"They remind me of a dear
old great-aunt of mine who used to enjoy them in her youth.
It brings tears to my eyes. I can see the old bucket by the garden
fence and the line of shimmering poplars behind--"
"Hi! here, stop the 'bus a bit," cried Mr. Moses Gould, rising in a sort
of perspiration. "We want to give the defence a fair run--like gents,
you know; but any gent would draw the line at shimmering poplars."
"Well, hang it all," said Moon, in an injured manner, "if Dr. Pym
may have an old friend with ferrets, why mayn't I have an old
aunt with poplars?"
"I am sure," said Mrs. Duke, bridling, with something almost
like a shaky authority, "Mr. Moon may have what aunts he likes."

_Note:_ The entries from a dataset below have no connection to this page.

(* Let $G=(V,E)$ be a multigraph with a spanning forest $F\subseteq E$, and let $\Delta\ge1$. Suppose the endpoints of the edges in $E\setminus F$ are distinct vertices, any two of which are at distance at least $\Delta$ in $F$. Then every Eulerian subgraph $E^*\subseteq E$ satisfies $|E^*|\ge\Delta\cdot|E^*\setminus F|$.
   Context: A subgraph (edge set) $E^*\subseteq E$ is Eulerian if every vertex has even degree in $E^*$. A spanning forest is a maximal acyclic subset of $E$; distances in $F$ are shortest-path distances in the forest $F$. *)

theory Defs
  imports Main "HOL-Library.Extended_Nat"
begin

text \<open>A multigraph is given by a finite vertex set V, a finite edge set E and
  an endpoint assignment: edge e joins src e and tgt e (loops and parallel
  edges allowed; the orientation is irrelevant).\<close>

definition multigraph :: "'v set \<Rightarrow> 'e set \<Rightarrow> ('e \<Rightarrow> 'v) \<Rightarrow> ('e \<Rightarrow> 'v) \<Rightarrow> bool" where
  "multigraph V E src tgt \<longleftrightarrow> finite V \<and> finite E \<and>
     (\<forall>e\<in>E. src e \<in> V \<and> tgt e \<in> V)"

definition walk :: "('e \<Rightarrow> 'v) \<Rightarrow> ('e \<Rightarrow> 'v) \<Rightarrow> 'e set \<Rightarrow> 'v list \<Rightarrow> 'e list \<Rightarrow> bool" where
  "walk src tgt A vs es \<longleftrightarrow> length vs = Suc (length es) \<and>
     (\<forall>i < length es. es ! i \<in> A \<and> {src (es ! i), tgt (es ! i)} = {vs ! i, vs ! Suc i})"

definition has_cycle :: "('e \<Rightarrow> 'v) \<Rightarrow> ('e \<Rightarrow> 'v) \<Rightarrow> 'e set \<Rightarrow> bool" where
  "has_cycle src tgt A \<longleftrightarrow> (\<exists>vs es. walk src tgt A vs es \<and> es \<noteq> [] \<and> distinct es \<and> hd vs = last vs)"

definition acyclic_edges :: "('e \<Rightarrow> 'v) \<Rightarrow> ('e \<Rightarrow> 'v) \<Rightarrow> 'e set \<Rightarrow> bool" where
  "acyclic_edges src tgt A \<longleftrightarrow> \<not> has_cycle src tgt A"

definition spanning_forest :: "'e set \<Rightarrow> ('e \<Rightarrow> 'v) \<Rightarrow> ('e \<Rightarrow> 'v) \<Rightarrow> 'e set \<Rightarrow> bool" where
  "spanning_forest E src tgt F \<longleftrightarrow> F \<subseteq> E \<and> acyclic_edges src tgt F \<and>
     (\<forall>e \<in> E - F. \<not> acyclic_edges src tgt (insert e F))"

text \<open>Shortest-path distance in the edge set F (infinity if no path).\<close>
definition edist :: "('e \<Rightarrow> 'v) \<Rightarrow> ('e \<Rightarrow> 'v) \<Rightarrow> 'e set \<Rightarrow> 'v \<Rightarrow> 'v \<Rightarrow> enat" where
  "edist src tgt F u v = (INF es \<in> {es. \<exists>vs. walk src tgt F vs es \<and> hd vs = u \<and> last vs = v}.
      enat (length es))"

text \<open>Degree of v in the edge set A (a loop counts twice).\<close>
definition deg :: "('e \<Rightarrow> 'v) \<Rightarrow> ('e \<Rightarrow> 'v) \<Rightarrow> 'e set \<Rightarrow> 'v \<Rightarrow> nat" where
  "deg src tgt A v = card {e \<in> A. src e = v} + card {e \<in> A. tgt e = v}"

definition eulerian :: "'v set \<Rightarrow> ('e \<Rightarrow> 'v) \<Rightarrow> ('e \<Rightarrow> 'v) \<Rightarrow> 'e set \<Rightarrow> bool" where
  "eulerian V src tgt A \<longleftrightarrow> (\<forall>v \<in> V. even (deg src tgt A v))"

end

theory Submission imports Defs begin

text \<open>Split \<open>E\<^sup>*\<close> into its forest part \<open>A = E\<^sup>* \<inter> F\<close> and its non-forest part
  \<open>N = E\<^sup>* - F\<close>. The edges of \<open>N\<close> form a matching, so the vertices of odd degree in \<open>A\<close>
  are exactly the \<open>2|N|\<close> endpoints of \<open>N\<close>, and they are pairwise at distance at least \<open>\<Delta>\<close>
  in \<open>A\<close>. For such an endpoint \<open>t\<close> and \<open>r < \<Delta> div 2\<close>, the ball of radius \<open>r\<close> around \<open>t\<close>
  in \<open>A\<close> contains exactly one odd vertex, so some edge of \<open>A\<close> leaves it, joining the
  spheres of radii \<open>r\<close> and \<open>r + 1\<close>. These edges are distinct for distinct pairs
  \<open>(t, r)\<close>, hence \<open>|A| \<ge> 2|N| (\<Delta> div 2) \<ge> (\<Delta> - 1)|N|\<close> and so \<open>|E\<^sup>*| \<ge> \<Delta>|N|\<close>.\<close>

section \<open>Walks and distances\<close>

lemma walk_Nil: "walk src tgt A vs [] \<longleftrightarrow> (\<exists>v. vs = [v])"
  unfolding walk_def by (auto simp: length_Suc_conv)

lemma walk_Cons: "walk src tgt A (u # vs) (e # es) \<longleftrightarrow>
    vs \<noteq> [] \<and> e \<in> A \<and> {src e, tgt e} = {u, hd vs} \<and> walk src tgt A vs es"
  unfolding walk_def by (cases vs) (auto simp: All_less_Suc2)

lemma walk_imp_ne: "walk src tgt A vs es \<Longrightarrow> vs \<noteq> []"
  unfolding walk_def by auto

lemma walk_mono: "A \<subseteq> B \<Longrightarrow> walk src tgt A vs es \<Longrightarrow> walk src tgt B vs es"
  unfolding walk_def by blast

lemma walk_append:
  assumes "walk src tgt A vs es" "walk src tgt A ws fs" "last vs = hd ws"
  shows "walk src tgt A (vs @ tl ws) (es @ fs) \<and> hd (vs @ tl ws) = hd vs \<and>
    last (vs @ tl ws) = last ws"
  using assms
proof (induction es arbitrary: vs)
  case Nil
  then obtain v where "vs = [v]" by (auto simp: walk_Nil)
  with Nil walk_imp_ne[OF Nil(2)] show ?case by (cases ws) auto
next
  case (Cons e es)
  then obtain u vs' where vs: "vs = u # vs'" by (cases vs) (auto dest: walk_imp_ne)
  with Cons.prems(1) have step: "vs' \<noteq> [] \<and> e \<in> A \<and> {src e, tgt e} = {u, hd vs'}"
    and rest: "walk src tgt A vs' es" by (auto simp: walk_Cons)
  from Cons.IH[OF rest Cons.prems(2)] Cons.prems(3) vs step
  show ?case using walk_imp_ne[OF Cons.prems(2)] by (simp add: walk_Cons)
qed

lemma walk_rev: "walk src tgt A vs es \<Longrightarrow> walk src tgt A (rev vs) (rev es)"
proof (induction es arbitrary: vs)
  case Nil
  then show ?case by (auto simp: walk_Nil)
next
  case (Cons e es)
  then obtain u vs' where vs: "vs = u # vs'" by (cases vs) (auto dest: walk_imp_ne)
  with Cons.prems have step: "vs' \<noteq> [] \<and> e \<in> A \<and> {src e, tgt e} = {u, hd vs'}"
    and rest: "walk src tgt A vs' es" by (auto simp: walk_Cons)
  have "walk src tgt A [hd vs', u] [e]"
    using step by (auto simp: walk_Cons walk_Nil insert_commute)
  from walk_append[OF Cons.IH[OF rest] this] step vs show ?case by (simp add: last_rev)
qed

lemma edist_le_length:
  "walk src tgt A vs es \<Longrightarrow> hd vs = u \<Longrightarrow> last vs = v \<Longrightarrow> edist src tgt A u v \<le> enat (length es)"
  unfolding edist_def by (rule INF_lower) blast
(* Let $p$ be a prime, $n\ge1$, $s>0$ an integer, and let $\mu$ be an ergodic conjugation-invariant Borel probability measure on ${\rm Sub}(\mathcal{L}_{n,p})$ with $\mu(\pi_1^{-1}(s))=1$. Then $\mu$ is supported on a single finite conjugacy class of subgroups. Consequently, the set of ergodic conjugation-invariant Borel probability measures $\mu$ on ${\rm Sub}(\mathcal{L}_{n,p})$ with $\mu(\pi_1^{-1}(s))=1$ for some $s\ge1$ is countable.
   Context: $\mathcal{L}_{n,p}=\left(\bigoplus_{\mathbb{Z}}(\mathbb{Z}/p\mathbb{Z})^n\right)\rtimes\mathbb{Z}$; ${\rm Sub}(\mathcal{L}_{n,p})$ is the compact space of its subgroups (topology from $\{0,1\}^{\mathcal{L}_{n,p}}$), on which $\mathcal{L}_{n,p}$ acts by conjugation. For a subgroup $V$, $\pi_1(V)\ge0$ is defined by: the projection of $V$ to $\mathbb{Z}$ equals $\pi_1(V)\mathbb{Z}$. *)

theory Defs
  imports "HOL-Analysis.Analysis" "HOL-Probability.Probability" "HOL-Algebra.Group"
begin

text \<open>Elements of L_{n,p} = (\<Oplus>_Z (Z/pZ)^n) \<rtimes> Z are pairs (f,k): f i j is the j-th coordinate
(j < n) of the i-th summand, a residue in {0..<p}; f is finitely supported.\<close>

definition Lcarrier :: "nat \<Rightarrow> nat \<Rightarrow> ((int \<Rightarrow> nat \<Rightarrow> int) \<times> int) set" where
  "Lcarrier n p = {(f, k). (\<forall>i j. 0 \<le> f i j \<and> f i j < int p) \<and> (\<forall>i j. n \<le> j \<longrightarrow> f i j = 0)
                           \<and> finite {i. \<exists>j. f i j \<noteq> 0}}"

definition Lgrp :: "nat \<Rightarrow> nat \<Rightarrow> ((int \<Rightarrow> nat \<Rightarrow> int) \<times> int) monoid" where
  "Lgrp n p = \<lparr> carrier = Lcarrier n p,
      mult = (\<lambda>(f, k) (g, l). (\<lambda>i j. (f i j + g (i - k) j) mod int p, k + l)),
      one = (\<lambda>_ _. 0, 0) \<rparr>"

definition SubL :: "nat \<Rightarrow> nat \<Rightarrow> ((int \<Rightarrow> nat \<Rightarrow> int) \<times> int) set set" where
  "SubL n p = {H. subgroup H (Lgrp n p)}"

definition SubTop :: "nat \<Rightarrow> nat \<Rightarrow> ((int \<Rightarrow> nat \<Rightarrow> int) \<times> int) set topology" where
  "SubTop n p = pullback_topology (SubL n p) (\<lambda>H. restrict (\<lambda>g. g \<in> H) (Lcarrier n p))
                   (product_topology (\<lambda>_. discrete_topology (UNIV :: bool set)) (Lcarrier n p))"

definition borel_of_top :: "'a topology \<Rightarrow> 'a measure" where
  "borel_of_top X = sigma (topspace X) {U. openin X U}"

definition conjL :: "nat \<Rightarrow> nat \<Rightarrow> (int \<Rightarrow> nat \<Rightarrow> int) \<times> int \<Rightarrow>
      ((int \<Rightarrow> nat \<Rightarrow> int) \<times> int) set \<Rightarrow> ((int \<Rightarrow> nat \<Rightarrow> int) \<times> int) set" where
  "conjL n p g H = (\<lambda>h. g \<otimes>\<^bsub>Lgrp n p\<^esub> h \<otimes>\<^bsub>Lgrp n p\<^esub> inv\<^bsub>Lgrp n p\<^esub> g) ` H"

definition borel_prob_Sub :: "nat \<Rightarrow> nat \<Rightarrow> ((int \<Rightarrow> nat \<Rightarrow> int) \<times> int) set measure \<Rightarrow> bool" where
  "borel_prob_Sub n p \<mu> \<longleftrightarrow> prob_space \<mu> \<and> sets \<mu> = sets (borel_of_top (SubTop n p))
      \<and> space \<mu> = topspace (SubTop n p)"

definition conj_invariant :: "nat \<Rightarrow> nat \<Rightarrow> ((int \<Rightarrow> nat \<Rightarrow> int) \<times> int) set measure \<Rightarrow> bool" where
  "conj_invariant n p \<mu> \<longleftrightarrow> (\<forall>g \<in> Lcarrier n p. \<forall>A \<in> sets \<mu>.
      emeasure \<mu> ((conjL n p g -` A) \<inter> space \<mu>) = emeasure \<mu> A)"

definition conj_ergodic :: "nat \<Rightarrow> nat \<Rightarrow> ((int \<Rightarrow> nat \<Rightarrow> int) \<times> int) set measure \<Rightarrow> bool" where
  "conj_ergodic n p \<mu> \<longleftrightarrow> (\<forall>A \<in> sets \<mu>.
      (\<forall>g \<in> Lcarrier n p. (conjL n p g -` A) \<inter> space \<mu> = A) \<longrightarrow> emeasure \<mu> A = 0 \<or> emeasure \<mu> A = 1)"

text \<open>\<pi>_1(V) = s means: projection of V to Z equals sZ.\<close>
definition pi1_fiber :: "nat \<Rightarrow> nat \<Rightarrow> int \<Rightarrow> ((int \<Rightarrow> nat \<Rightarrow> int) \<times> int) set set" where
  "pi1_fiber n p s = {V \<in> SubL n p. snd ` V = range (\<lambda>m. s * m)}"

definition conj_class :: "nat \<Rightarrow> nat \<Rightarrow> ((int \<Rightarrow> nat \<Rightarrow> int) \<times> int) set \<Rightarrow> ((int \<Rightarrow> nat \<Rightarrow> int) \<times> int) set set" where
  "conj_class n p H = (\<lambda>g. conjL n p g H) ` Lcarrier n p"

end

theory Submission
  imports Defs "HOL-Algebra.Elementary_Groups"
begin

text \<open>
  Let \<open>V\<close> be a subgroup with \<open>\<pi>\<^sub>1(V) = s\<int>\<close>, \<open>s > 0\<close>, and \<open>(f, s) \<in> V\<close>. Every element of \<open>V\<close> is an
  element of the base part \<open>W = {w. (w, 0) \<in> V}\<close> times a power of \<open>(f, s)\<close>, so \<open>V\<close> is determined by \<open>W\<close>
  and \<open>f\<close>. Conjugation by \<open>(f, s)\<close> acts on \<open>W\<close> as the shift by \<open>s\<close>, so \<open>W\<close> is a shift-invariant
  subgroup of \<open>\<Oplus>\<^sub>\<int> (\<int>/p)\<^sup>n\<close>. For such \<open>W\<close> the sets of top coefficients of the elements supported
  in \<open>[0, k]\<close> grow along \<open>k, k + s, \<dots>\<close> inside a finite set, hence stabilise from some \<open>N\<close> on, and
  then \<open>W\<close> is generated, under shifts, by its elements supported in \<open>[0, N]\<close>: finitely many data.
  Hence the fibre \<open>\<pi>\<^sub>1\<^sup>-\<^sup>1(s)\<close> is countable.

  Singletons are Borel, so a probability measure on the countable fibre has an atom \<open>H\<close>. By
  invariance all conjugates of \<open>H\<close> carry the same positive mass, so the conjugacy class of \<open>H\<close> is
  finite, and by ergodicity it has full measure. The measure is then the uniform measure on that
  class, so it is determined by a finite subset of the countable union of the fibres.
\<close>

lemma mem_Lcarrier_iff:
  "(f, k) \<in> Lcarrier n p \<longleftrightarrow> (\<forall>i j. 0 \<le> f i j \<and> f i j < int p) \<and> (\<forall>i j. n \<le> j \<longrightarrow> f i j = 0)
                              \<and> finite {i. \<exists>j. f i j \<noteq> 0}"
  by (simp add: Lcarrier_def)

"Why, as to liking her," began Moon, "I--but perhaps,
as you say, she is scarcely the core of the question.
I repeat that I do not mean to follow the abstract speculations.
For, indeed, my answer to Dr. Pym is simple and severely concrete.
Dr. Pym has only treated one side of the psychology of murder.
If it is true that there is a kind of man who has a natural
tendency to murder, is it not equally true"--here he lowered
his voice and spoke with a crushing quietude and earnestness--"is
it not equally true that there is a kind of man who has
a natural tendency to get murdered? Is it not at least
a hypothesis holding the field that Dr.